Reaction with mercuric fluoride gives the corresponding isocyanide difluoride.

==Flavor research==
Isothiocyanates occur widely in nature and are of interest in food science and medical research. Vegetable foods with characteristic flavors due to isothiocyanates include bok choy, broccoli, cabbage, cauliflower, kale, wasabi, horseradish, mustard, radish, Brussels sprouts, watercress, papaya seeds, nasturtiums, and capers.
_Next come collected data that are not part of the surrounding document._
theorem proposition4p4:
  fixes Gamma0 rho0 :: real
  assumes "Gamma0 > 0" and "0 < rho0" and "rho0 < pi / 2"
  shows "\<exists>h0>0. \<exists>C0>0. \<forall>h lam psi dpsi.
           0 < h \<and> h < h0 \<and> BO_eigenpair h lam psi dpsi \<and>
           \<bar>lam - 1/8\<bar> \<le> Gamma0 * h powr (2/3) \<longrightarrow>
           (let w = (\<lambda>x. (x + pi * sqrt 2) powr (- rho0 / h) *
                         ((cmod (psi x))\<^sup>2 + (cmod (complex_of_real h * dpsi x))\<^sup>2))
            in w integrable_on {BOleft..0} \<and>
               integral {BOleft..0} w \<le> C0 * integral {BOleft..0} (\<lambda>x. (cmod (psi x))\<^sup>2))"
proof -
  define h0 where "h0 = (3 / (8 * Gamma0)) powr (3/2)"
  \<comment> \<open>so that \<open>\<Gamma>\<^sub>0 h^(2/3) \<le> 3/8\<close> for \<open>h < h\<^sub>0\<close>, i.e. \<open>\<lambda> \<le> 1/2\<close>\<close>
  have "0 < h0"
    using assms(1) by (simp add: h0_def)
  have lam: "lam \<le> 1/2" if "0 < h" "h < h0" "\<bar>lam - 1/8\<bar> \<le> Gamma0 * h powr (2/3)" for h lam
  proof -
    have "Gamma0 * h powr (2/3) \<le> Gamma0 * h0 powr (2/3)"
      using that assms(1) by (intro mult_left_mono powr_mono2) auto
    also have "\<dots> = 3/8"
      using assms(1) by (simp add: h0_def powr_powr)
    finally show ?thesis
      using that(3) by linarith
  qed
  have "BO_weighted_energy rho0 h psi dpsi integrable_on {BOleft..0} \<and>
      integral {BOleft..0} (BO_weighted_energy rho0 h psi dpsi)
        \<le> 2 * integral {BOleft..0} (\<lambda>x. (cmod (psi x))\<^sup>2)"
    if "0 < h \<and> h < h0 \<and> BO_eigenpair h lam psi dpsi \<and> \<bar>lam - 1/8\<bar> \<le> Gamma0 * h powr (2/3)"
    for h lam psi dpsi
    using that lam[of h lam] assms(2,3) by (intro BO_eigenpair_weighted_energy_bound) auto
  with \<open>0 < h0\<close> show ?thesis
    unfolding BO_weighted_energy_def[abs_def] Let_def
    by (intro exI[of _ h0] exI[of _ "2::real"] conjI) auto
qed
These species generate isothiocyanates in different proportions, and so have different, but recognizably related, flavors. They are all members of the order Brassicales, which is characterized by the production of glucosinolates, and of the enzyme myrosinase, which acts on glucosinolates to release isothiocyanates.
- Sinigrin is the precursor to allyl isothiocyanate
- Glucotropaeolin is the precursor to benzyl isothiocyanate
- Gluconasturtiin is the precursor to phenethyl isothiocyanate
- Glucoraphanin is the precursor to sulforaphane

==Uses==
Phenyl isothiocyanate, is used for amino acid sequencing in the Edman degradation.

Phenylene diisothiocyanate is an antihelminthic.

==Coordination chemistry==
Isothiocyanate and its linkage isomer thiocyanate are ligands in coordination chemistry. Thiocyanate is a more common ligand.